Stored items
────────────────────────────────────────
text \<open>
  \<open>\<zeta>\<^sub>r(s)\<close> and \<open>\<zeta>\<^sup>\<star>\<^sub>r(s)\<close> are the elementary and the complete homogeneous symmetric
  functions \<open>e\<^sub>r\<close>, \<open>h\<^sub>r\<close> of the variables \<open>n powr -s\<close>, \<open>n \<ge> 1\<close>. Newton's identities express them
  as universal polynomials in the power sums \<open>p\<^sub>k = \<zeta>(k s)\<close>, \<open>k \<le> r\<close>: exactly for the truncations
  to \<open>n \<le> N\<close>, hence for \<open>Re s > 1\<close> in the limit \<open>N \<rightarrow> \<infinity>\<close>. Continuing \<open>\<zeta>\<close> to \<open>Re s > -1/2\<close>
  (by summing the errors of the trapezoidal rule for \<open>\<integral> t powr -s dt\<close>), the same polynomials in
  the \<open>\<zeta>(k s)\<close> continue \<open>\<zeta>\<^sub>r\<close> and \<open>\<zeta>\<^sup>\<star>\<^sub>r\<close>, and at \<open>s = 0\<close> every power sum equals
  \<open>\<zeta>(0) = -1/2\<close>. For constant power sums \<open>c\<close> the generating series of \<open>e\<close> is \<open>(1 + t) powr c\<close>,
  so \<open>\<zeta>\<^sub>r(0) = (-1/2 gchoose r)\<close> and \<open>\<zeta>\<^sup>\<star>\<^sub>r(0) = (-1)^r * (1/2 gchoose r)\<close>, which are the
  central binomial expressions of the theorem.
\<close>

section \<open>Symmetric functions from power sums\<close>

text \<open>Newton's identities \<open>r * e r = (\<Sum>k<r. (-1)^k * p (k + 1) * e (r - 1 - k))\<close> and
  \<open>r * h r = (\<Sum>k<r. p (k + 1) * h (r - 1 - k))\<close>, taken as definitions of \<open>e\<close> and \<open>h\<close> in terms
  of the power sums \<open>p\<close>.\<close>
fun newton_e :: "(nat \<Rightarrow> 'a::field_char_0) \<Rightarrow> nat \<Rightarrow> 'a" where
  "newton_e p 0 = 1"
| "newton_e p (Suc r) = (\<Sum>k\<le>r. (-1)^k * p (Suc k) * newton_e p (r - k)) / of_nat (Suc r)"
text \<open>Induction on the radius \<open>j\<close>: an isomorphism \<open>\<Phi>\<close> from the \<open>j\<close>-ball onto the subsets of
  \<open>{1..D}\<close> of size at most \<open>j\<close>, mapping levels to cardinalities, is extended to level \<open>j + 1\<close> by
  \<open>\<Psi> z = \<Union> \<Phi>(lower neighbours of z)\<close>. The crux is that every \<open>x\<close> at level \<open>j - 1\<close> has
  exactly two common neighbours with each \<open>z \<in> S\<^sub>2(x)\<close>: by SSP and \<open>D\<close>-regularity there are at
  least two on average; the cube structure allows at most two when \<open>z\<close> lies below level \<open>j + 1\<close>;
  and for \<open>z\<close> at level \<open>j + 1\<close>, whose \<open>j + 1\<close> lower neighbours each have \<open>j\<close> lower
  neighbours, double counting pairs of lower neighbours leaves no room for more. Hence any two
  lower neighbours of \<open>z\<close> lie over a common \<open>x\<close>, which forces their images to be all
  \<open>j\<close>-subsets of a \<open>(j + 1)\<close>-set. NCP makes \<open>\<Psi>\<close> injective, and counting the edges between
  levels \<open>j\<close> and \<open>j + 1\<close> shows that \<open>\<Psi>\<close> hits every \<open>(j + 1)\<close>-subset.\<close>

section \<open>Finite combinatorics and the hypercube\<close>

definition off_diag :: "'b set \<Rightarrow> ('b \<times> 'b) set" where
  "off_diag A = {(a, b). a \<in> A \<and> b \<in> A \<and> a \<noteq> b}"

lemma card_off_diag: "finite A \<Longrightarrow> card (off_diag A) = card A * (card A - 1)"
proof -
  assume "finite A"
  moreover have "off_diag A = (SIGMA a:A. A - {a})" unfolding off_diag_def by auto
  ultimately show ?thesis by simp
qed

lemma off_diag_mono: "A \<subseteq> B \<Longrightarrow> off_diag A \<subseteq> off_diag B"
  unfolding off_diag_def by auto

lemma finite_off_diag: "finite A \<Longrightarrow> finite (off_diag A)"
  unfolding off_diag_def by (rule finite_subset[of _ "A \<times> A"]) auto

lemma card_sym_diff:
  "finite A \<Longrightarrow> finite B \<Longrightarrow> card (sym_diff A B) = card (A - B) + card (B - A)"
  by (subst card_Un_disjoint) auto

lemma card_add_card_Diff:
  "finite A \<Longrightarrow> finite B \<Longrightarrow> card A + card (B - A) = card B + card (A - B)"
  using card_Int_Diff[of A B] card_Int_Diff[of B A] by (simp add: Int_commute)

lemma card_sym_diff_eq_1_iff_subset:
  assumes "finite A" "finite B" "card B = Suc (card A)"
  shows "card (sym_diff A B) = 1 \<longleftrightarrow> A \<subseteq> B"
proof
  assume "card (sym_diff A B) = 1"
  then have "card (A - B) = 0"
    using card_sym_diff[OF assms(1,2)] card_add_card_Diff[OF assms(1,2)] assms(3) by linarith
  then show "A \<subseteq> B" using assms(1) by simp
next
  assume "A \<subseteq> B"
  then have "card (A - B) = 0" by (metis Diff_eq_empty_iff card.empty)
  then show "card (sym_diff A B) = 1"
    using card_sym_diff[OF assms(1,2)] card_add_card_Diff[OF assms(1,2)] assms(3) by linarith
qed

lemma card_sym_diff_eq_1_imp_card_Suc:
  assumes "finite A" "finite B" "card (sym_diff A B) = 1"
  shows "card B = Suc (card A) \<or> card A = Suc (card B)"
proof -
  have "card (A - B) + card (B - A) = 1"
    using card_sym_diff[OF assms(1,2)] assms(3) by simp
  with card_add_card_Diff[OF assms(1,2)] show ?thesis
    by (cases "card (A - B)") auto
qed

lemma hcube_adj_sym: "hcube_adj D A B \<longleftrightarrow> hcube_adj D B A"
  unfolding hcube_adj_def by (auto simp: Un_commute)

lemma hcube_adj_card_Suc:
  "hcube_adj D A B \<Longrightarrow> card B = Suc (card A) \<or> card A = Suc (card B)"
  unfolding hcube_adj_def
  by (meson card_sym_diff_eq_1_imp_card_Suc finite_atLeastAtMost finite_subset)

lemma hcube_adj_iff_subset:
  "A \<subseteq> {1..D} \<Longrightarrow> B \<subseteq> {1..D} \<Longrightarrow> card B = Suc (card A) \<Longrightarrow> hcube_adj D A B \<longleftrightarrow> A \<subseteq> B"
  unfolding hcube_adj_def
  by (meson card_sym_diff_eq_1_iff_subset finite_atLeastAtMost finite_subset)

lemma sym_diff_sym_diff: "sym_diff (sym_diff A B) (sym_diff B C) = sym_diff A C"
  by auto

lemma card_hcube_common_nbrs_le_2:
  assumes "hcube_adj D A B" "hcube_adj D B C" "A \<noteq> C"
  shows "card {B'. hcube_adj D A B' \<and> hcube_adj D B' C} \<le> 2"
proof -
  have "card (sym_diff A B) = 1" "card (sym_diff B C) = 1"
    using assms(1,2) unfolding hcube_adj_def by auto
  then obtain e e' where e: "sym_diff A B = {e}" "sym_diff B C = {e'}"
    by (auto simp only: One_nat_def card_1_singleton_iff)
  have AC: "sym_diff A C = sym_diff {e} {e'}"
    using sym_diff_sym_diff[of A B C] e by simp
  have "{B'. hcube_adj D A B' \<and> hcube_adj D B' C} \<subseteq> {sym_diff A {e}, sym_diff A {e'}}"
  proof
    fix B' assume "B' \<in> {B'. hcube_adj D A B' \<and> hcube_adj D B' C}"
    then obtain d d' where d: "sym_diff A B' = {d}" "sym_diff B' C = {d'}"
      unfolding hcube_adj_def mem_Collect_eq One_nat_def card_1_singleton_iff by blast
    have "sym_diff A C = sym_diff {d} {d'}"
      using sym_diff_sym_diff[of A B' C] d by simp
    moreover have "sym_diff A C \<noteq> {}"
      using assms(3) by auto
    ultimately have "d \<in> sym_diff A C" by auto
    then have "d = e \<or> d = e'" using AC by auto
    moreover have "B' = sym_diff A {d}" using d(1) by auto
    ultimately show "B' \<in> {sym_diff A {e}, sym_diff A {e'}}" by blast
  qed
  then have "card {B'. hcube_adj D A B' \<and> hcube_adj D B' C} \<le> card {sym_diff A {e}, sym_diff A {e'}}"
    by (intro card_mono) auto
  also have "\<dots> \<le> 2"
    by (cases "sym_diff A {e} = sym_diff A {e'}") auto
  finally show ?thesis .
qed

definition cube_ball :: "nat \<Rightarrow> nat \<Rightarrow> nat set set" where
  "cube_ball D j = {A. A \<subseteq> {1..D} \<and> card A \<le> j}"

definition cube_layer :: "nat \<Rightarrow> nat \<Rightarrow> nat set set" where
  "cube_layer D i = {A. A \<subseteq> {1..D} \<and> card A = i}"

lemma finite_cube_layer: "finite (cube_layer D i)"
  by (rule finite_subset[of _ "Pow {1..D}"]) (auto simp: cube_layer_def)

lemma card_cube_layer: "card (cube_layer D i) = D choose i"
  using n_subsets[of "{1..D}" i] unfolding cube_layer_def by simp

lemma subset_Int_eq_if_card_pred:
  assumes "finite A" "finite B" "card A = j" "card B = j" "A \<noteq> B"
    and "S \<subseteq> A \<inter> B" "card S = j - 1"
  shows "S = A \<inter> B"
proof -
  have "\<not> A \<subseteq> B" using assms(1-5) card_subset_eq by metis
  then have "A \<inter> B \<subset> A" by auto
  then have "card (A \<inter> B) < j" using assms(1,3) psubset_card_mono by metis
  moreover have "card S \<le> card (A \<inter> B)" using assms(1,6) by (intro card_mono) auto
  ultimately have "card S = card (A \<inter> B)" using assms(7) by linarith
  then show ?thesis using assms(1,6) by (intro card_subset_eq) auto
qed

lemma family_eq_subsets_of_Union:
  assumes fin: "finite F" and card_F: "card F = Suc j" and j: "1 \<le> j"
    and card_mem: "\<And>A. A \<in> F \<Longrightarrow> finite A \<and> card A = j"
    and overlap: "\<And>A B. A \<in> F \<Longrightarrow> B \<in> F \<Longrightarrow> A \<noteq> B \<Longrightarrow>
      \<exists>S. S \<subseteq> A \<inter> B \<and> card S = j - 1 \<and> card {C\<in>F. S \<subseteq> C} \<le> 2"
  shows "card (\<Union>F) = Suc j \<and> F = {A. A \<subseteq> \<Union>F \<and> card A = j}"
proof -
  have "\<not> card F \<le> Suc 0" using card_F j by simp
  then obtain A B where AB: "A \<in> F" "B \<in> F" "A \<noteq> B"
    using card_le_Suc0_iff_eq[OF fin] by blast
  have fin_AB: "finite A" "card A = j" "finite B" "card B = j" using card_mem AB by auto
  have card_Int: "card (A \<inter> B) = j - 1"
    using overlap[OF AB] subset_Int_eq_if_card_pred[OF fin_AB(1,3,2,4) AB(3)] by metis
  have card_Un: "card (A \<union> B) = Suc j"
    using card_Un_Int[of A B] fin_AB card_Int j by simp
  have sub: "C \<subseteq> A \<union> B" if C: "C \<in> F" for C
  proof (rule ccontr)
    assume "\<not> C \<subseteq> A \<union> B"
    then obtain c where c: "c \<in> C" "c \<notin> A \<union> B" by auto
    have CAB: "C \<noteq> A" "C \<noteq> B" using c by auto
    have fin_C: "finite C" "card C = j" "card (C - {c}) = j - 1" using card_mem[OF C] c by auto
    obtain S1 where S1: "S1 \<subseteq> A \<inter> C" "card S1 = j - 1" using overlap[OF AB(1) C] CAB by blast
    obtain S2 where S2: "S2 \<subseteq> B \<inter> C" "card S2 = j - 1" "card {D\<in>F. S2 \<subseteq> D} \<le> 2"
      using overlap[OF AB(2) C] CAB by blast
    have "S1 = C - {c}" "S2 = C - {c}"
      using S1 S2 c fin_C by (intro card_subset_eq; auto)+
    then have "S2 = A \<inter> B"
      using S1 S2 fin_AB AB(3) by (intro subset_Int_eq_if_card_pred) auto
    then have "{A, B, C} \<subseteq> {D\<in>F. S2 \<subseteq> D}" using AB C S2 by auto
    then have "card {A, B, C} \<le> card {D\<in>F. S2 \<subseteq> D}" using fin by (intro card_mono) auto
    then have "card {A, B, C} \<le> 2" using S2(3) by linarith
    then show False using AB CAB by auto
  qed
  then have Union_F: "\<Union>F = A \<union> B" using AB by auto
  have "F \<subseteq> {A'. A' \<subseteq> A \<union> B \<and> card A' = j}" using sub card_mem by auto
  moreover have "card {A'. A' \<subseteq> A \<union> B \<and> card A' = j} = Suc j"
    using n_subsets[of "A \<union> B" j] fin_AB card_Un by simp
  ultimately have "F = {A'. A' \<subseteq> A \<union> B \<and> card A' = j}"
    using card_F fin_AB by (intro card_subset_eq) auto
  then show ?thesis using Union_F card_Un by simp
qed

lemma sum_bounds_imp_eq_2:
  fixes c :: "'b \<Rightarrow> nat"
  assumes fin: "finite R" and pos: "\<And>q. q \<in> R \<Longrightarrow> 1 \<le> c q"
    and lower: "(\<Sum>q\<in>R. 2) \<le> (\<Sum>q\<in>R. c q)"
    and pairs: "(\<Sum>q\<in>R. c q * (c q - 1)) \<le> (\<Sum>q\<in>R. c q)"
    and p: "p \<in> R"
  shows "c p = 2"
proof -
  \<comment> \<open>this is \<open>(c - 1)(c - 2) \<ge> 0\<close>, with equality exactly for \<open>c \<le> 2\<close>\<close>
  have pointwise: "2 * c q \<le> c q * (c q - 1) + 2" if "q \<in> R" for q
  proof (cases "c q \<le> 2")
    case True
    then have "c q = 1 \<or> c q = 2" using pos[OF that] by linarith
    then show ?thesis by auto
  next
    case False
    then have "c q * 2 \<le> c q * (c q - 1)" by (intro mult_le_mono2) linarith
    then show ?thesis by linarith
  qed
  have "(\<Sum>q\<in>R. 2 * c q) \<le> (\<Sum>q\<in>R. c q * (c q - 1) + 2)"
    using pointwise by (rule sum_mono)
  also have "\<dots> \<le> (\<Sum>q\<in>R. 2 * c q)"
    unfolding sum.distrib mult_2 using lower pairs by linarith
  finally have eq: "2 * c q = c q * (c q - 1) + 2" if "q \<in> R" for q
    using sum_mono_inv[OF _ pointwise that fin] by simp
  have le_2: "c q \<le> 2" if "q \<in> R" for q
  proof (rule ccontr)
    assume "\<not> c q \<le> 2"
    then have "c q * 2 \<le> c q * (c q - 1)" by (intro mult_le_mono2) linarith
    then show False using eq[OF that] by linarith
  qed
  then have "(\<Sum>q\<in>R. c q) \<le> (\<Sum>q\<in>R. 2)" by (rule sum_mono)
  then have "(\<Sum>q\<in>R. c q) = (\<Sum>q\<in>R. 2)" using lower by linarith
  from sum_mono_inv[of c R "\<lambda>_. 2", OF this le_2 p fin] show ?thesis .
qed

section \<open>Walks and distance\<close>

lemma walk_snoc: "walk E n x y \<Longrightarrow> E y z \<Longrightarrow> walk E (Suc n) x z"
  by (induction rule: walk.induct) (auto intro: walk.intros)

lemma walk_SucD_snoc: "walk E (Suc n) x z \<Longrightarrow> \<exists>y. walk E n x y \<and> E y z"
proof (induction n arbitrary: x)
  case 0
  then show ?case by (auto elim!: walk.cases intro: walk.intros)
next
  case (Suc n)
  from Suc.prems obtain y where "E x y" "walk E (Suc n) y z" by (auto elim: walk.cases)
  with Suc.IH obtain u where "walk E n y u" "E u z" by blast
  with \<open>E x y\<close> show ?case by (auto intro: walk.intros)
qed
────────────────────────────────────────
● **YOUR ASSIGNMENT**
In the records above, copy exactly the lines from the one that contains "case (Suc n)" through the last, and nothing else.

● **WORKED SOLUTION**
  case (Suc n)
  from Suc.prems obtain y where "E x y" "walk E (Suc n) y z" by (auto elim: walk.cases)
  with Suc.IH obtain u where "walk E n y u" "E u z" by blast
  with \<open>E x y\<close> show ?case by (auto intro: walk.intros)
qed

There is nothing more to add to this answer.